**EXERCISE DESCRIPTION:** Go through the data and copy each line where the string "ultimately" appears.

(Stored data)
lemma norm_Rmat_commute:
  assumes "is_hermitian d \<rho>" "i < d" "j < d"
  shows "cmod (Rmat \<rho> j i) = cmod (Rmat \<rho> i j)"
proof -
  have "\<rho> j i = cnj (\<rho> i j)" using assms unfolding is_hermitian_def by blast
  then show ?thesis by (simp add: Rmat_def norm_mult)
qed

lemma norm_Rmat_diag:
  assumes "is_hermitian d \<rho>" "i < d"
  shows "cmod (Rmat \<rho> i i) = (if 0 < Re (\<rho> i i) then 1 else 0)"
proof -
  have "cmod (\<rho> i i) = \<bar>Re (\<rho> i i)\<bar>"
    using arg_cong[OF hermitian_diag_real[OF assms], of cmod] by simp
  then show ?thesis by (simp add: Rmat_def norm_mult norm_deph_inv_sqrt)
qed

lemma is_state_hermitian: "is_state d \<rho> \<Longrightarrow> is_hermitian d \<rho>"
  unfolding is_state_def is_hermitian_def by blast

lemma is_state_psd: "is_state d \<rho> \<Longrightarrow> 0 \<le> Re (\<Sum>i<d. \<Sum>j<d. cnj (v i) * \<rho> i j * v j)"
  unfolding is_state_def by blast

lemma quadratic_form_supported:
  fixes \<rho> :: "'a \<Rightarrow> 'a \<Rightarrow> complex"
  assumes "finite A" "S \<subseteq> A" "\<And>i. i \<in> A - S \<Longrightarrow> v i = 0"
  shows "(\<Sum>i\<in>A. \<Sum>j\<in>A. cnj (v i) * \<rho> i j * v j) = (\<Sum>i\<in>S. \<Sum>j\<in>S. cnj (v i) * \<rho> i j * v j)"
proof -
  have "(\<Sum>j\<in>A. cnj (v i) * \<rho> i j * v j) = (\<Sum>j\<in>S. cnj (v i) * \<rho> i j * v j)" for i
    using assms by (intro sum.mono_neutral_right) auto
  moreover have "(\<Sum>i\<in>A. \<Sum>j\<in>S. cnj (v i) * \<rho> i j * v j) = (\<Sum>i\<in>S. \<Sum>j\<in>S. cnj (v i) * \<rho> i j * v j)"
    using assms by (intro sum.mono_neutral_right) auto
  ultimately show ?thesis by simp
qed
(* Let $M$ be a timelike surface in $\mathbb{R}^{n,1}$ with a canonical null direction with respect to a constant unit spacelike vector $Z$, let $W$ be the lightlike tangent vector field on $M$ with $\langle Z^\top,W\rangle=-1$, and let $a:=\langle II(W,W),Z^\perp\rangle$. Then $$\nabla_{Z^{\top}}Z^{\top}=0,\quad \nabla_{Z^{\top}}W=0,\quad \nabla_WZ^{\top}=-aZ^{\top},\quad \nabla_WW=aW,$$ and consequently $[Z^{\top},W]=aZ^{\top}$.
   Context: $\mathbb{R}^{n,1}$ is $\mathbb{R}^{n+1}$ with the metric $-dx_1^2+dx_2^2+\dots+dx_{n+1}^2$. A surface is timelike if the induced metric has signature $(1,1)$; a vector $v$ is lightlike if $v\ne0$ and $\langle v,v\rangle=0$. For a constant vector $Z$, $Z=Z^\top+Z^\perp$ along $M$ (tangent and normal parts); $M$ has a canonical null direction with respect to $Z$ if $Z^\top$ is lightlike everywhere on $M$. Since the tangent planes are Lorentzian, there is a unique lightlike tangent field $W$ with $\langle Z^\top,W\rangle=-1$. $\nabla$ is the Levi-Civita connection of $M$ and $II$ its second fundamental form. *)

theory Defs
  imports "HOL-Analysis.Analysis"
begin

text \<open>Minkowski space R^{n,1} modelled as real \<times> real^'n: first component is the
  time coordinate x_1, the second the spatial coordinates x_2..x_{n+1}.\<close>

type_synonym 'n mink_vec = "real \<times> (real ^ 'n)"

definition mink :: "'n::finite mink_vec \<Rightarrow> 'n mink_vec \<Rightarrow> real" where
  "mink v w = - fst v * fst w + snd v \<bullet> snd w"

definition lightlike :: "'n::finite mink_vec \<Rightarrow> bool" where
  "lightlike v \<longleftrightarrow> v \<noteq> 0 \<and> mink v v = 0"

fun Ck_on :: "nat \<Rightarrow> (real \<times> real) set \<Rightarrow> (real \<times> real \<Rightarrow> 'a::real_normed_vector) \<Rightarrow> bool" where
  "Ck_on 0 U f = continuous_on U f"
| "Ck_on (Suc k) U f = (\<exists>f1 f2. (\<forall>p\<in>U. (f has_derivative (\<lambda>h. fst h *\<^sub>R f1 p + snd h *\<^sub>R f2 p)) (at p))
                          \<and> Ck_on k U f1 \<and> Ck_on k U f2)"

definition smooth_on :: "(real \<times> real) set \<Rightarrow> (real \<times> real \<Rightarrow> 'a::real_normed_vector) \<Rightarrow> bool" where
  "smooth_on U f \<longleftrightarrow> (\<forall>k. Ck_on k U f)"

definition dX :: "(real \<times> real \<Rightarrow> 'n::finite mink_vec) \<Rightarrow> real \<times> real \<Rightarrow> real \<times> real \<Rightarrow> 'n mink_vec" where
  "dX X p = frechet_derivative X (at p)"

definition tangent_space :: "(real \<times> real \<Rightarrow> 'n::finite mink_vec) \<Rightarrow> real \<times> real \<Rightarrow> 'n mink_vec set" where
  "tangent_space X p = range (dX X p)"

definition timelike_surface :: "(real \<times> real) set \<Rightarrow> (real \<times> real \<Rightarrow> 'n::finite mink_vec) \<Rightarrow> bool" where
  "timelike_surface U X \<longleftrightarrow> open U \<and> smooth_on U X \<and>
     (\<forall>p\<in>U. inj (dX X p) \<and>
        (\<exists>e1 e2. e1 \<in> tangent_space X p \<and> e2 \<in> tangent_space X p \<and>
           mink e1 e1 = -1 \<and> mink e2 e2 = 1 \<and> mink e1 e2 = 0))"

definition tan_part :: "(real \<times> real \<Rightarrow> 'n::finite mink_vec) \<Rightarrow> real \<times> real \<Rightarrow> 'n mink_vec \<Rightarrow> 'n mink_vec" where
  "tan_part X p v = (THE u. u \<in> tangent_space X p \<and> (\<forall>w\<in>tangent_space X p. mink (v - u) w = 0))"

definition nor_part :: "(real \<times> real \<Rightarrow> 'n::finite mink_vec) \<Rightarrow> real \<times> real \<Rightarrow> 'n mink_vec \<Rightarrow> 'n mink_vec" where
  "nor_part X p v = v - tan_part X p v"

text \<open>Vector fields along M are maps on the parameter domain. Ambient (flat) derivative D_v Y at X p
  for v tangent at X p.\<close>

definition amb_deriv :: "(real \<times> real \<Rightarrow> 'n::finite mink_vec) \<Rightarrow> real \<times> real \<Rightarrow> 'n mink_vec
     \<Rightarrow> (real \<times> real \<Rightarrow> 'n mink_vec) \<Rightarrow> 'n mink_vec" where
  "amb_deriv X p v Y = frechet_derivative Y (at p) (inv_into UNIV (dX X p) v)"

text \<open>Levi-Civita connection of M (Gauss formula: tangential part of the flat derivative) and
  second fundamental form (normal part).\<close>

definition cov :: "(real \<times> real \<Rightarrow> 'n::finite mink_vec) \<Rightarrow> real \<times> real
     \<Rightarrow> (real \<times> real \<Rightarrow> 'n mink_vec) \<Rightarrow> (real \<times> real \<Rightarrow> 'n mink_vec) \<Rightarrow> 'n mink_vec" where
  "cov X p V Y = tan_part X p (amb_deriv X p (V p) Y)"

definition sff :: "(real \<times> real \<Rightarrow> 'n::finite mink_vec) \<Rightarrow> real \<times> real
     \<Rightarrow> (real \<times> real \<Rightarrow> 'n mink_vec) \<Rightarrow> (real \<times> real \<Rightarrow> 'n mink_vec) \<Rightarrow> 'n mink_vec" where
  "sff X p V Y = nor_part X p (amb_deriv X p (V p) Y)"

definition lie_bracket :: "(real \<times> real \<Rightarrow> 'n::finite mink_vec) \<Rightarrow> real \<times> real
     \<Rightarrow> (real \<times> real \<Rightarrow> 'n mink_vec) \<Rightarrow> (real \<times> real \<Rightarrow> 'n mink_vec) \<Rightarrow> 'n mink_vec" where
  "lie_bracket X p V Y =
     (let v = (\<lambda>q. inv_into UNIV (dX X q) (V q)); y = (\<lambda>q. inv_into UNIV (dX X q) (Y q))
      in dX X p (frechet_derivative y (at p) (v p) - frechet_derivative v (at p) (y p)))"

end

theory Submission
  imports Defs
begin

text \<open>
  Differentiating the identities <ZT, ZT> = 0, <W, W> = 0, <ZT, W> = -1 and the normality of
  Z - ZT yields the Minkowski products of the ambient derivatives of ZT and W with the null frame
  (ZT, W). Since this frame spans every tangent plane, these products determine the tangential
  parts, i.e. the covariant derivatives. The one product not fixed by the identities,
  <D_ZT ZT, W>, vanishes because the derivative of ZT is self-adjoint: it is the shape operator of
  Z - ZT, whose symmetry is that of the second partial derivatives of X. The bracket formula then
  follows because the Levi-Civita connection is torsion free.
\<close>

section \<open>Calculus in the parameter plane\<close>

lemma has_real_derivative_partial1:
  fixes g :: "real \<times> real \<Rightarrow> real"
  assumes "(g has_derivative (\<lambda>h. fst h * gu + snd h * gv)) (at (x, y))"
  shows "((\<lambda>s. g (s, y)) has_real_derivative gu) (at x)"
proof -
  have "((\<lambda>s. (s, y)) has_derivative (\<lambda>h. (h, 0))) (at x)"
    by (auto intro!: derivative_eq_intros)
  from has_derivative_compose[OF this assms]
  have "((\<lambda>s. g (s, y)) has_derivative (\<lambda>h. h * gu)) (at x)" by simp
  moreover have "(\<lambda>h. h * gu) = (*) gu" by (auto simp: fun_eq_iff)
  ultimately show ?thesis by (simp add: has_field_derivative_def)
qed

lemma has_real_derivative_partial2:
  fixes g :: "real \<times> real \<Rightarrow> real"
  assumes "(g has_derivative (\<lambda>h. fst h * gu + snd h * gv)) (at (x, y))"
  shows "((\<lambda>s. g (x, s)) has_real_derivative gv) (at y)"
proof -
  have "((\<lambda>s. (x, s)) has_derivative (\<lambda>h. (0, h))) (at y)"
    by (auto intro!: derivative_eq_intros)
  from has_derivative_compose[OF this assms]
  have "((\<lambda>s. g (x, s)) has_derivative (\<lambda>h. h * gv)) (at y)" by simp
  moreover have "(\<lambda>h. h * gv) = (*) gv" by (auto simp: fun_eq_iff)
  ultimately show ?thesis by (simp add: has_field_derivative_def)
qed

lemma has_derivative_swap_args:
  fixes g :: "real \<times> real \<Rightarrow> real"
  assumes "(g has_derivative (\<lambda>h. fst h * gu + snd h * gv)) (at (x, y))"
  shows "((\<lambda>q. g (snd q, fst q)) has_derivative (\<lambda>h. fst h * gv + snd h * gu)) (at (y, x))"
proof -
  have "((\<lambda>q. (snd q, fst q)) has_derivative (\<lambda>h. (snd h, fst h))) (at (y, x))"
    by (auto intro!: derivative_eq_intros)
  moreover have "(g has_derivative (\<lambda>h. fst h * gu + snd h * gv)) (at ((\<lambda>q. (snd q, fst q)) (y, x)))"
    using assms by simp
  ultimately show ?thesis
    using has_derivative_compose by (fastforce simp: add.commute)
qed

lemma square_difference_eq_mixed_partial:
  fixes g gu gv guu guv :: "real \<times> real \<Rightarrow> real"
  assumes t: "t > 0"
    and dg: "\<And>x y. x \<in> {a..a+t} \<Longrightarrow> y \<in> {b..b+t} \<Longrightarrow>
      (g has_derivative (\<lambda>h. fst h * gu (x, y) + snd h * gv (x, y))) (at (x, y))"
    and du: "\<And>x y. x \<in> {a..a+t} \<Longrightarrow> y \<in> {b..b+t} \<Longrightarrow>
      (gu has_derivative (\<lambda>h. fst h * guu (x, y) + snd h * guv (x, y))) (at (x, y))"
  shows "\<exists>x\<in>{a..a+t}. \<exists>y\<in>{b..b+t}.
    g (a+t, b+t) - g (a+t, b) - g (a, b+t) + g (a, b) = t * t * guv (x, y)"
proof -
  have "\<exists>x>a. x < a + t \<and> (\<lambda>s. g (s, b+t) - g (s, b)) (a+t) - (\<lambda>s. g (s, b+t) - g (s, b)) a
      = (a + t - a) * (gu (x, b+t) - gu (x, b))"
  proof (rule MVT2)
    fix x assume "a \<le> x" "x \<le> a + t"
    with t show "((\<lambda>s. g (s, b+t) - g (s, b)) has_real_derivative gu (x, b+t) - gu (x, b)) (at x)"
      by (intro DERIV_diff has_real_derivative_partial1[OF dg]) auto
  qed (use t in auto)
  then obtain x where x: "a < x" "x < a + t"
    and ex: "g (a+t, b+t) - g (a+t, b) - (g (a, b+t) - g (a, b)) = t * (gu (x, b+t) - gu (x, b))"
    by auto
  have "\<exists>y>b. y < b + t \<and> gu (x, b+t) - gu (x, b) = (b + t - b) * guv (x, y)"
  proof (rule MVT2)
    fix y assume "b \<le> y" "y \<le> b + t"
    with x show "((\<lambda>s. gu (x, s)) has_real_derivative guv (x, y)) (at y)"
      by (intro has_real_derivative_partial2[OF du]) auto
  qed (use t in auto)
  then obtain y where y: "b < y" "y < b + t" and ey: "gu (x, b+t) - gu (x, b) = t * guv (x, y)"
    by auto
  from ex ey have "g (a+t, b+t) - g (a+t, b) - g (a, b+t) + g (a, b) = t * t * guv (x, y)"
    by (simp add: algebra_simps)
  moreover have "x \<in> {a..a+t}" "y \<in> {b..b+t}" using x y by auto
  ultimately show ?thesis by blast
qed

**RESPONSE TO THIS TASK:**
  ultimately show ?thesis by simp
  ultimately show ?thesis by (simp add: has_field_derivative_def)
  ultimately show ?thesis by (simp add: has_field_derivative_def)
  ultimately show ?thesis
  ultimately show ?thesis by blast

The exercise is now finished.